**TASK DETAILS**: Begin at the line containing "p) g x\<close>." and end at the final line of the entries. Please reproduce those lines exactly.

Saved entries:
= = = = =
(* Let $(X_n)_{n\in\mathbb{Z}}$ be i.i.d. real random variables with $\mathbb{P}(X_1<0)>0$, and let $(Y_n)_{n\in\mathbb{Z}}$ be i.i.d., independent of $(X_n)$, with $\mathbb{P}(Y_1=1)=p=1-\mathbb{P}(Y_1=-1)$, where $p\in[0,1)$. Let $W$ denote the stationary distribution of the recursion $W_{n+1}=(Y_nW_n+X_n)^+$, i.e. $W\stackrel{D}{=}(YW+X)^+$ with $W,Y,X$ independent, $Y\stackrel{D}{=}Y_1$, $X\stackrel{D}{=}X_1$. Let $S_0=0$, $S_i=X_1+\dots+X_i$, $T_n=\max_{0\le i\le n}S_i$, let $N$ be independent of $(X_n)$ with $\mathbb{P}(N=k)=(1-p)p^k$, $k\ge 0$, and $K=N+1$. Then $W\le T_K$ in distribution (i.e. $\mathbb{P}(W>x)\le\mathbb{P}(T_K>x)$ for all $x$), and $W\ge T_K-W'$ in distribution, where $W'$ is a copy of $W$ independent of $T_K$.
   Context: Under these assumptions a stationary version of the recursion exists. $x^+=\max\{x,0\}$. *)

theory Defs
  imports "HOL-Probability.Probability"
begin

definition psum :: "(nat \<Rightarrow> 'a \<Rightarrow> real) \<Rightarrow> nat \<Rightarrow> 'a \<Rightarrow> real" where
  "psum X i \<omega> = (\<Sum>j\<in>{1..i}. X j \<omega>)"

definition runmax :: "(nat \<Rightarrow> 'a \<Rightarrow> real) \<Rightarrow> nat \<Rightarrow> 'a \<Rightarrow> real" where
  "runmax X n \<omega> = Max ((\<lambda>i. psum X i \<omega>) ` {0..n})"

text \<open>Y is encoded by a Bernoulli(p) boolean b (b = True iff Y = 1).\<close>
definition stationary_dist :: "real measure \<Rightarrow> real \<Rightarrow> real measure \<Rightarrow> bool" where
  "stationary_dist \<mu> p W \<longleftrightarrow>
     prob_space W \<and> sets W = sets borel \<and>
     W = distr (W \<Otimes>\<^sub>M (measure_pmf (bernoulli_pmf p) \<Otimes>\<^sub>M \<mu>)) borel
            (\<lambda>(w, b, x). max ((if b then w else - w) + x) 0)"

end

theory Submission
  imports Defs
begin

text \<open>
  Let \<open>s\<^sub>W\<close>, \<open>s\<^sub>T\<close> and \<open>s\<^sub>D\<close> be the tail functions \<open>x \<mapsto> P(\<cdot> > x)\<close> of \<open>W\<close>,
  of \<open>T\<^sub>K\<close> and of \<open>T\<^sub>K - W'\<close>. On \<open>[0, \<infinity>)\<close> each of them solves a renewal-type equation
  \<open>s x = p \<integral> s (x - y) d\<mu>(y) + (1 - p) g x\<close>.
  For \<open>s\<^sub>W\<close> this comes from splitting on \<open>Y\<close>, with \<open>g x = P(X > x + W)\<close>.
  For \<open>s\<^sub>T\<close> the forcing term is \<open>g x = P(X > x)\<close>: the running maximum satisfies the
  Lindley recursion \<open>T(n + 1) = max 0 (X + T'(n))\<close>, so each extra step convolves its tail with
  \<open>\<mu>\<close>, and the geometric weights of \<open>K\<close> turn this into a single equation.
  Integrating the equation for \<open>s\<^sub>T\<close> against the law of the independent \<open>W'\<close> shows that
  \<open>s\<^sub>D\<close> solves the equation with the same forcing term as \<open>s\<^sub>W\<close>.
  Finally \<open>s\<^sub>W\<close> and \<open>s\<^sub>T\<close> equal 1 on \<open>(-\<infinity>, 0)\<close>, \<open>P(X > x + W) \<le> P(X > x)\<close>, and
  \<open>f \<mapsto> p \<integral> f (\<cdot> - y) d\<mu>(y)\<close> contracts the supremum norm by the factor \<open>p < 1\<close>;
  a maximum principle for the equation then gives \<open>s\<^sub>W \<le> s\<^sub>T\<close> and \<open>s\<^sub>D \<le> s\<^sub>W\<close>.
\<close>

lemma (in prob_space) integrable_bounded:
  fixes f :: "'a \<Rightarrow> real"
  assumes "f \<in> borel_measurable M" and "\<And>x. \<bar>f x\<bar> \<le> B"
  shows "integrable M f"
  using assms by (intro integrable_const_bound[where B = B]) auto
= = = = =
**RESULT FOR THIS EXERCISE**:
  \<open>s x = p \<integral> s (x - y) d\<mu>(y) + (1 - p) g x\<close>.
  For \<open>s\<^sub>W\<close> this comes from splitting on \<open>Y\<close>, with \<open>g x = P(X > x + W)\<close>.
  For \<open>s\<^sub>T\<close> the forcing term is \<open>g x = P(X > x)\<close>: the running maximum satisfies the
  Lindley recursion \<open>T(n + 1) = max 0 (X + T'(n))\<close>, so each extra step convolves its tail with
  \<open>\<mu>\<close>, and the geometric weights of \<open>K\<close> turn this into a single equation.
  Integrating the equation for \<open>s\<^sub>T\<close> against the law of the independent \<open>W'\<close> shows that
  \<open>s\<^sub>D\<close> solves the equation with the same forcing term as \<open>s\<^sub>W\<close>.
  Finally \<open>s\<^sub>W\<close> and \<open>s\<^sub>T\<close> equal 1 on \<open>(-\<infinity>, 0)\<close>, \<open>P(X > x + W) \<le> P(X > x)\<close>, and
  \<open>f \<mapsto> p \<integral> f (\<cdot> - y) d\<mu>(y)\<close> contracts the supremum norm by the factor \<open>p < 1\<close>;
  a maximum principle for the equation then gives \<open>s\<^sub>W \<le> s\<^sub>T\<close> and \<open>s\<^sub>D \<le> s\<^sub>W\<close>.
\<close>

lemma (in prob_space) integrable_bounded:
  fixes f :: "'a \<Rightarrow> real"
  assumes "f \<in> borel_measurable M" and "\<And>x. \<bar>f x\<bar> \<le> B"
  shows "integrable M f"
  using assms by (intro integrable_const_bound[where B = B]) auto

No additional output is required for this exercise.